DDD: Entity and its identifier

DDD: Entity and its identifier - java

I have an entity in my system, which naturally needs an identifier so that it can be uniquely identified. Assuming the database is used for generating the identifier with Hibernate, using the native strategy, then obviously the application code is free of this responsibility of assigning identifiers.
Now, can an instance of that entity be considered valid before it is persisted and gets its identifier?
Or should I use some other strategy to assign my entities their identifiers so that it gets its identifier when its constructor is called?

That's an extensive topic, but here are two possibilities:
define your hashCode() and equals(..) contracts based on business keys. For example, for a User entity, this would be the username, rather than the auto-generated id. Thus you will be able to use the entity in collections before it is persisted
use UUID as a primary key, and handle the generation yourself. See this article by Jeff Atwood and this article demonstrating a way to use it with Hibernate
(Since you mention DDD and hibernate, take a look at this article of mine)

Related

Is it good practice to have #Id annotation under attributes like username or user email

What are the complications that might happen when you set #Id attributes for a filed other than id, for instance
#GeneratedValue(strategy=GenerationType.AUTO)
#Column(name="user_id")
private Integer user_id;
#Id
#Size(min=6,message="email is too short")
#Pattern(regexp = "^.+#.+\\..+$",message="invalid email")
#Column(name="user_email")
private String user_email;
In my user pojo class: if I'm not defining id annotation for user_id but instead for user_email will that create any complications in long run?

It is bad practice.
Emails may change, but primary keys (which is what #Id annotates) should never change. Usernames may change too, such as on this very site.

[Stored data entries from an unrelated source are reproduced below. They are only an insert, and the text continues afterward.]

lemma exists_tilt_grid_lr_ge_of_switch:
  fixes M t :: nat and \<mu> :: real and w :: "nat \<Rightarrow> sample"
  defines "h \<equiv> hist M \<mu> 0 w t"
  assumes M: "1 < M" and x: "0 < x"
    and x_le: "x \<le> \<mu>\<^sup>2 * real (card (sampling_times h 1 0)) / 8"
    and switch: "Tstat h 1 \<le> Max (Tstat h ` {2..M})"
  shows "\<exists>j\<in>tilt_grid M \<mu> x t. x \<le> (\<Sum>i\<in>{fst (snd j)..<t}. lr_step M \<mu> (fst j) (snd (snd j)) w i)"
proof -
  define N where "N = card (sampling_times h 1 0)"
  define S where "S = (\<Sum>i\<in>sampling_times h 1 0. fst (w (Suc i)))"
  have N: "0 < N"
  proof (rule ccontr)
    assume "\<not> 0 < N"
    with x x_le show False
      by (simp add: N_def)
  qed
  then have "0 < t"
    by (auto simp: N_def sampling_times_def h_def card_gt_0_iff)
  consider (noise) "\<bar>\<mu>\<bar> * real N / 2 \<le> \<bar>S\<bar>" | (signal) "\<bar>S\<bar> < \<bar>\<mu>\<bar> * real N / 2"
    by linarith
  then show ?thesis
  proof cases
    case noise
    then obtain \<theta> where \<theta>: "\<theta> \<in> {\<bar>\<mu>\<bar> / 2, - \<bar>\<mu>\<bar> / 2}"
      and bound: "\<mu>\<^sup>2 * real N / 8 \<le> \<theta> * S - \<theta>\<^sup>2 / 2 * real N"
      using exists_tilt_half by blast
    have "(1, 0, \<theta>) \<in> tilt_grid M \<mu> x t"
      using M \<theta> \<open>0 < t\<close> by (auto simp: tilt_grid_def)
    with bound x_le show ?thesis
      by (intro bexI[of _ "(1, 0, \<theta>)"]) (simp_all add: sum_lr_step S_def N_def h_def)
  next
    case signal
    have "\<bar>\<mu> * real N\<bar> \<le> \<bar>S + \<mu> * real N\<bar> + \<bar>S\<bar>"
      using abs_triangle_ineq[of "S + \<mu> * real N" "- S"] by simp
    then have "\<bar>\<mu>\<bar> * real N / 2 \<le> \<bar>S + \<mu> * real N\<bar>"
      using signal by (simp add: abs_mult)
    from power_mono[OF this, of 2]
    have "(\<bar>\<mu>\<bar> * real N / 2)\<^sup>2 \<le> (S + \<mu> * real N)\<^sup>2"
      by simp
    then have "\<mu>\<^sup>2 * real N / 8 \<le> (S + \<mu> * real N)\<^sup>2 / (2 * real N)"
      using N by (simp add: power2_eq_square field_simps)
    moreover have "glr h 1 0 = (S + \<mu> * real N)\<^sup>2 / (2 * real N)"
      by (simp add: glr_0 h_def snd_hist_sampling_time sum.distrib S_def N_def mult.commute)
    moreover have "glr h 1 0 \<le> Tstat h 1"
      using N by (intro glr_le_Tstat) (simp add: length_obs N_def)
    ultimately have "x \<le> Max (Tstat h ` {2..M})"
      using x_le switch by (simp add: N_def)
    moreover have "Max (Tstat h ` {2..M}) \<in> Tstat h ` {2..M}"
      using M by (intro Max_in) auto
    ultimately obtain m where m: "m \<in> {2..M}" and x_m: "x \<le> Tstat h m"
      by auto
    then have "obs h m \<noteq> []"
      using x by (auto simp: Tstat_def)
    then obtain k where k: "k < length (obs h m)" and "glr h m k = Tstat h m"
      by (rule Tstat_attained)
    with x_m have "x \<le> glr h m k"
      by simp
    with m x k show ?thesis
      unfolding h_def by (rule exists_tilt_grid_lr_ge_of_glr_ge)
  qed
qed
(* Let $Q$ and $W$ satisfy the standing assumptions with $W=Y$, let $l\ge1$, and assume $Q$ is future unique w.r.t. $I^l_l$. Then $\hat Q^{l\triangledown}$ and $\hat Q^{I^l_l}$ are bisimilar w.r.t. $Y$, and $\hat Q^{I^l_l}$ is simulated by $\hat Q^{I^l_0}$ w.r.t. $Y$.
   Context: Strings and signals: $\diamond$ is a symbol not in any other set considered. For a set $A$ and $l\in\mathbb N_0$, $A^l$ is the set of strings of length $l$ over $A$, indexed $\zeta=\zeta(0)\cdots\zeta(l-1)$; $\lambda$ is the empty string and $\cdot$ denotes concatenation. For a map $w$ on $\mathbb Z$ (or a string) and integers $t_1\le t_2$, $w|_{[t_1,t_2]}=w(t_1)\cdots w(t_2)$ is the string of length $t_2-t_1+1$ (absolute time forgotten); if $t_2<t_1$ it is $\lambda$. State machines: a state machine is $Q=(X,U,Y,\delta,X_0)$ with $X_0\subseteq X$, $\delta\subseteq X\times U\times Y\times X$. Let $H_\delta(x)=\{y:\exists u,x'.\,(x,u,y,x')\in\delta\}$, $F_\delta(x,u)=\{x':\exists y\in H_\delta(x).\,(x,u,y,x')\in\delta\}$. The full behavior $\mathcal B_f(Q)$ is the set of $(\mu,\nu,\xi)\in(U\times Y\times X)^{\mathbb N_0}$ with $\xi(0)\in X_0$ and $(\xi(k),\mu(k),\nu(k),\xi(k+1))\in\delta$ for all $k\in\mathbb N_0$. $Q$ is live and reachable if every $x\in X_0$ is $\xi(0)$ for some $(\mu,\nu,\xi)\in\mathcal B_f(Q)$ and every $x\in X$ is $\xi(k)$ for some such trajectory and some $k$. Standing assumptions: $Q=(X,U,Y,\delta,X_0)$ is live and reachable and satisfies $(x,u,y,x')\in\delta\iff(x'\in F_\delta(x,u)\wedge y\in H_\delta(x))$ for all $x,x'\in X,u\in U,y\in Y$; the external signal space $W$ is finite and either $W=U\times Y$ or $W=Y$ (here $W=Y$, with $\pi_W(u,y)=\pi_Y(u,y)=y$). Behaviors: $\mathcal B_S(Q)$ is the set of pairs $(w,\xi)$ of maps on $\mathbb Z$ with $w(k)=\xi(k)=\diamond$ for $k<0$ and $(w(k),\xi(k))=(\nu(k),\xi'(k))$ for $k\ge0$, for some $(\mu,\nu,\xi')\in\mathcal B_f(Q)$. Corresponding strings: for integers $a,b$ and $x\in X$, $E^{[a,b]}(x)=\{\zeta:\exists(w,\xi)\in\mathcal B_S(Q),k\in\mathbb N_0:\ \xi(k)=x,\ \zeta=w|_{[k+a,k+b]}\}$. For $l,m\in\mathbb N_0$ with $m\le l$, $I^l_m=[m-l,m-1]$; in particular $I^l_l=[0,l-1]$, $I^l_0=[-l,-1]$. Future uniqueness: $Q$ is future unique w.r.t. $I^l_m$ if for all $x\in X$ and $\zeta,\zeta'\in E^{I^l_m}(x)$, $\zeta|_{[l-m,l-1]}=\zeta'|_{[l-m,l-1]}$. Abstract state machine: $\hat Q^{I^l_m}=(\hat X^{I^l_m},U,Y,\hat\delta^{I^l_m},\hat X^{I^l_m}_0)$ with $\hat X^{I^l_m}=\bigcup_{x\in X}E^{I^l_m}(x)$, $\hat X^{I^l_m}_0=\bigcup_{x\in X_0}E^{I^l_m}(x)$, and $(\hat x,u,y,\hat x')\in\hat\delta^{I^l_m}$ iff (1) $\hat x'|_{[0,l-m-1]}=(\hat x|_{[0,l-m-1]}\cdot\pi_W(u,y))|_{[1,l-m]}$, (2) $\hat x|_{[l-m,l-1]}=(\pi_W(u,y)\cdot\hat x'|_{[l-m,l-2]})|_{[0,m-1]}$, and (3) there are $x,x'\in X$ with $\hat x\in E^{I^l_m}(x)$, $\hat x'\in E^{I^l_m}(x')$, $(x,u,y,x')\in\delta$. Quotient state machine (for $W=Y$): $\hat Q^{l\triangledown}=(\hat X^{l\triangledown},U,Y,\hat\delta^{l\triangledown},\hat X^{l\triangledown}_0)$ with $\hat X^{l\triangledown}=\{E^{I^l_l}(x):x\in X\}$, $\hat X^{l\triangledown}_0=\{E^{I^l_l}(x):x\in X_0\}$, and $(\hat x,u,y,\hat x')\in\hat\delta^{l\triangledown}$ iff there exist $x,x'\in X$ with $\hat x=E^{I^l_l}(x)$, $\hat x'=E^{I^l_l}(x')$ and $(x,u,y,x')\in\delta$. Simulation relations: for state machines $Q_i=(X_i,U,Y,\delta_i,X_{0,i})$, $i=1,2$, and $V\in\{U\times Y,Y\}$, a relation $\mathcal R\subseteq X_1\times X_2$ is a simulation relation from $Q_1$ to $Q_2$ w.r.t. $V$ if (a) for every $x_1\in X_{0,1}$ there is $x_2\in X_{0,2}$ with $(x_1,x_2)\in\mathcal R$, and (b) for all $(x_1,x_2)\in\mathcal R$ and $(x_1,u_1,y_1,x_1')\in\delta_1$ there exist $u_2,y_2,x_2'$ with $(x_2,u_2,y_2,x_2')\in\delta_2$, $(x_1',x_2')\in\mathcal R$ and $\pi_V(u_1,y_1)=\pi_V(u_2,y_2)$. $Q_1$ is simulated by $Q_2$ w.r.t. $V$ if such a relation exists; $Q_1,Q_2$ are bisimilar w.r.t. $V$ if there is a simulation relation $\mathcal R$ from $Q_1$ to $Q_2$ w.r.t. $V$ such that $\mathcal R^{-1}=\{(x_2,x_1):(x_1,x_2)\in\mathcal R\}$ is a simulation relation from $Q_2$ to $Q_1$ w.r.t. $V$. *)

theory Defs
  imports Main
begin

(* State machine Q = (X, U, Y, delta, X0). The symbol \<diamond> is modelled by None,
   so signal values / string symbols over W = Y are of type 'y option. *)
record ('x, 'u, 'y) sm =
  SX :: "'x set"
  SU :: "'u set"
  SY :: "'y set"
  Sdelta :: "('x \<times> 'u \<times> 'y \<times> 'x) set"
  SX0 :: "'x set"

definition is_state_machine :: "('x, 'u, 'y) sm \<Rightarrow> bool" where
  "is_state_machine Q \<longleftrightarrow> SX0 Q \<subseteq> SX Q \<and> Sdelta Q \<subseteq> SX Q \<times> SU Q \<times> SY Q \<times> SX Q"

definition Hd :: "('x, 'u, 'y) sm \<Rightarrow> 'x \<Rightarrow> 'y set" where
  "Hd Q x = {y. \<exists>u x'. (x, u, y, x') \<in> Sdelta Q}"

definition Fd :: "('x, 'u, 'y) sm \<Rightarrow> 'x \<Rightarrow> 'u \<Rightarrow> 'x set" where
  "Fd Q x u = {x'. \<exists>y\<in>Hd Q x. (x, u, y, x') \<in> Sdelta Q}"

definition full_behavior :: "('x, 'u, 'y) sm \<Rightarrow> ((nat \<Rightarrow> 'u) \<times> (nat \<Rightarrow> 'y) \<times> (nat \<Rightarrow> 'x)) set" where
  "full_behavior Q = {(\<mu>, \<nu>, \<xi>).
     (\<forall>k. \<mu> k \<in> SU Q \<and> \<nu> k \<in> SY Q \<and> \<xi> k \<in> SX Q) \<and> \<xi> 0 \<in> SX0 Q \<and>
     (\<forall>k. (\<xi> k, \<mu> k, \<nu> k, \<xi> (Suc k)) \<in> Sdelta Q)}"

definition live_reachable :: "('x, 'u, 'y) sm \<Rightarrow> bool" where
  "live_reachable Q \<longleftrightarrow>
     (\<forall>x\<in>SX0 Q. \<exists>\<mu> \<nu> \<xi>. (\<mu>, \<nu>, \<xi>) \<in> full_behavior Q \<and> \<xi> 0 = x) \<and>
     (\<forall>x\<in>SX Q. \<exists>\<mu> \<nu> \<xi> k. (\<mu>, \<nu>, \<xi>) \<in> full_behavior Q \<and> \<xi> k = x)"

definition standing_assms_Y :: "('x, 'u, 'y) sm \<Rightarrow> bool" where
  "standing_assms_Y Q \<longleftrightarrow> is_state_machine Q \<and> live_reachable Q \<and>
     (\<forall>x\<in>SX Q. \<forall>u\<in>SU Q. \<forall>y\<in>SY Q. \<forall>x'\<in>SX Q.
        (x, u, y, x') \<in> Sdelta Q \<longleftrightarrow> (x' \<in> Fd Q x u \<and> y \<in> Hd Q x)) \<and>
     finite (SY Q)"

definition behS :: "('x, 'u, 'y) sm \<Rightarrow> ((int \<Rightarrow> 'y option) \<times> (int \<Rightarrow> 'x option)) set" where
  "behS Q = {(w, \<xi>). \<exists>\<mu> \<nu> \<xi>'. (\<mu>, \<nu>, \<xi>') \<in> full_behavior Q \<and>
     (\<forall>k::int. (k < 0 \<longrightarrow> w k = None \<and> \<xi> k = None) \<and>
               (0 \<le> k \<longrightarrow> w k = Some (\<nu> (nat k)) \<and> \<xi> k = Some (\<xi>' (nat k))))}"

definition sig_restr :: "(int \<Rightarrow> 'a) \<Rightarrow> int \<Rightarrow> int \<Rightarrow> 'a list" where
  "sig_restr w t1 t2 = map w [t1..t2]"

(* \<zeta>|_[t1,t2] for a string (list), indices 0-based *)
definition str_restr :: "'a list \<Rightarrow> int \<Rightarrow> int \<Rightarrow> 'a list" where
  "str_restr \<zeta> t1 t2 = map (\<lambda>i. \<zeta> ! nat i) [t1..t2]"

definition Estr :: "('x, 'u, 'y) sm \<Rightarrow> int \<Rightarrow> int \<Rightarrow> 'x \<Rightarrow> 'y option list set" where
  "Estr Q a b x = {\<zeta>. \<exists>w \<xi> k. (w, \<xi>) \<in> behS Q \<and> \<xi> (int k) = Some x \<and>
                        \<zeta> = sig_restr w (int k + a) (int k + b)}"

definition EI :: "('x, 'u, 'y) sm \<Rightarrow> nat \<Rightarrow> nat \<Rightarrow> 'x \<Rightarrow> 'y option list set" where
  "EI Q l m x = Estr Q (int m - int l) (int m - 1) x"

definition future_unique :: "('x, 'u, 'y) sm \<Rightarrow> nat \<Rightarrow> nat \<Rightarrow> bool" where
  "future_unique Q l m \<longleftrightarrow>
     (\<forall>x\<in>SX Q. \<forall>\<zeta>\<in>EI Q l m x. \<forall>\<zeta>'\<in>EI Q l m x.
        str_restr \<zeta> (int l - int m) (int l - 1) = str_restr \<zeta>' (int l - int m) (int l - 1))"

(* abstract state machine \<hat>Q^{I^l_m} for W = Y (\<pi>_W(u,y) = y) *)
definition abstract_sm :: "('x, 'u, 'y) sm \<Rightarrow> nat \<Rightarrow> nat \<Rightarrow> ('y option list, 'u, 'y) sm" where
  "abstract_sm Q l m =
     \<lparr> SX = (\<Union>x\<in>SX Q. EI Q l m x), SU = SU Q, SY = SY Q,
       Sdelta = {(xh, u, y, xh').
          str_restr xh' 0 (int l - int m - 1) =
            str_restr (str_restr xh 0 (int l - int m - 1) @ [Some y]) 1 (int l - int m) \<and>
          str_restr xh (int l - int m) (int l - 1) =
            str_restr ([Some y] @ str_restr xh' (int l - int m) (int l - 2)) 0 (int m - 1) \<and>
          (\<exists>x\<in>SX Q. \<exists>x'\<in>SX Q. xh \<in> EI Q l m x \<and> xh' \<in> EI Q l m x' \<and> (x, u, y, x') \<in> Sdelta Q)},
       SX0 = (\<Union>x\<in>SX0 Q. EI Q l m x) \<rparr>"

definition quotient_sm :: "('x, 'u, 'y) sm \<Rightarrow> nat \<Rightarrow> ('y option list set, 'u, 'y) sm" where
  "quotient_sm Q l =
     \<lparr> SX = {EI Q l l x | x. x \<in> SX Q}, SU = SU Q, SY = SY Q,
       Sdelta = {(xh, u, y, xh'). \<exists>x\<in>SX Q. \<exists>x'\<in>SX Q.
          xh = EI Q l l x \<and> xh' = EI Q l l x' \<and> (x, u, y, x') \<in> Sdelta Q},
       SX0 = {EI Q l l x | x. x \<in> SX0 Q} \<rparr>"

definition sim_rel_Y :: "('a, 'u, 'y) sm \<Rightarrow> ('b, 'u, 'y) sm \<Rightarrow> ('a \<times> 'b) set \<Rightarrow> bool" where
  "sim_rel_Y Q1 Q2 R \<longleftrightarrow> R \<subseteq> SX Q1 \<times> SX Q2 \<and>
     (\<forall>x1\<in>SX0 Q1. \<exists>x2\<in>SX0 Q2. (x1, x2) \<in> R) \<and>
     (\<forall>x1 x2 u1 y1 x1'. (x1, x2) \<in> R \<and> (x1, u1, y1, x1') \<in> Sdelta Q1 \<longrightarrow>
        (\<exists>u2 y2 x2'. (x2, u2, y2, x2') \<in> Sdelta Q2 \<and> (x1', x2') \<in> R \<and> y1 = y2))"

definition simulated_by_Y :: "('a, 'u, 'y) sm \<Rightarrow> ('b, 'u, 'y) sm \<Rightarrow> bool" where
  "simulated_by_Y Q1 Q2 \<longleftrightarrow> (\<exists>R. sim_rel_Y Q1 Q2 R)"

definition bisimilar_Y :: "('a, 'u, 'y) sm \<Rightarrow> ('b, 'u, 'y) sm \<Rightarrow> bool" where
  "bisimilar_Y Q1 Q2 \<longleftrightarrow> (\<exists>R. sim_rel_Y Q1 Q2 R \<and> sim_rel_Y Q2 Q1 (converse R))"

end

theory Submission
  imports Defs
begin

text \<open>
  Under future uniqueness every reachable state has exactly one future string, so the classes of
  the quotient machine are singletons and membership is a bisimulation between the quotient and the
  future abstraction.  What has to be checked is that a transition \<open>x \<rightarrow> x'\<close> of \<open>Q\<close> is matched by
  the future strings of \<open>x\<close> and \<open>x'\<close>; this follows by splicing a trajectory through \<open>x\<close> with
  one leaving \<open>x'\<close>.

  For the simulation of the future abstraction by the past abstraction, a future string \<open>\<zeta>\<close> is
  related to a past string \<open>\<eta>\<close> when every window of \<open>l + 1\<close> consecutive symbols of \<open>\<eta> \<cdot> \<zeta>\<close> is a
  step of the past machine.  The first window provides the step matching the output \<open>hd \<zeta>\<close>;
  afterwards the windows shift by one, and the one new window is realized by a trajectory through
  the transition taken, again by future uniqueness.
\<close>

lemma map_upto_eq_map_upt: "map f [a..b] = map (\<lambda>j. f (a + int j)) [0..<nat (b - a + 1)]"
  by (rule nth_equalityI) auto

First let me say: That's a good question! The short answer to it is:
No, it is not a good practice to annotate fields such as user_email or username with #Id.
For a deeper look into the Why, let us first remember how a primary key (PK) is defined. In most SQL-oriented database systems, the PK definition follows at least two assumptions under which a PK always is:
(i) NOT NULL
(ii) UNIQUE
The implications with respect to your idea/question:
(a):
A username or a user_email value would have be set to a User instance before you could persist it to a database. In the case, it was missing or be known only at a later point in time: Persistence = impossible. Vice versa, it could never be set to an unknown value, aka null, e.g., if a user simply can not provide his/her email address (even though a rare case in 2018).
(b):
Actual values for username/user_email tend to be unique in most applications. Nevertheless, in the application's business logic you'd have to ensure, no other user inputs an already existent/known username/user_email twice. If you had #Id annotated, again: Persistence = impossible. Still, most likely, allowing duplicates on one of these fields would violate its semantics any way.
If you'd annotate user_id as #Idfield: No pain in both cases.
In an ORM context, the JPA specification document expands this definition and states on page 31:
The value of its primary key uniquely identifies an entity instance within a persistence context and to
EntityManager operations as described in Chapter 3, “Entity Operations”. The application must not change the value of the primary key. The behavior is undefined if this occurs.
This yields the next implication
(c)
By definition, you are not allowed to change values of #Id fields programmatically / at runtime. The control of such fields should remain exclusively on the side of the object-relational mapper implementing the JPA specification.
As pointed out in the answer by Bohemian, a username or user_email might be subject to change over the lifetime of your application. The reason: Data are fluid from the perspective of an application user. Users might want to change these properties (at some time in the future), e.g if they get married or change their email provider.
Nevertheless, it is generally possible to annotate fields of type String (and others), see p. 31:
A simple primary key or a field or property of a composite primary key should be one of the following types: any Java primitive type; any primitive wrapper type; java.lang.String;
java.util.Date; java.sql.Date; java.math.BigDecimal; java.math.BigInteger.
So one might get tempted and say: Well, let's go with that! However, one should step back and reflect what (a) the domain or (b) the intended use cases of the application impose on the intended application's database schema. As discussed above, this is especially important in your scenario.
With these "real world" considerations in mind, you'll be better off to only annotate #Id to a surrogate key, such as user_id in your example°. This one will not change throughout the lifetime of your database. Question: Why won't it change? Answer: There is no practical reason to satisfy a business case defined by application users.
Hope this helps.
°Hint
Better use Long instead of Integer right from the start; you'll thus have enough primary key values way beyond your lifetime as a SW-developer (True for >99.5% of all applications).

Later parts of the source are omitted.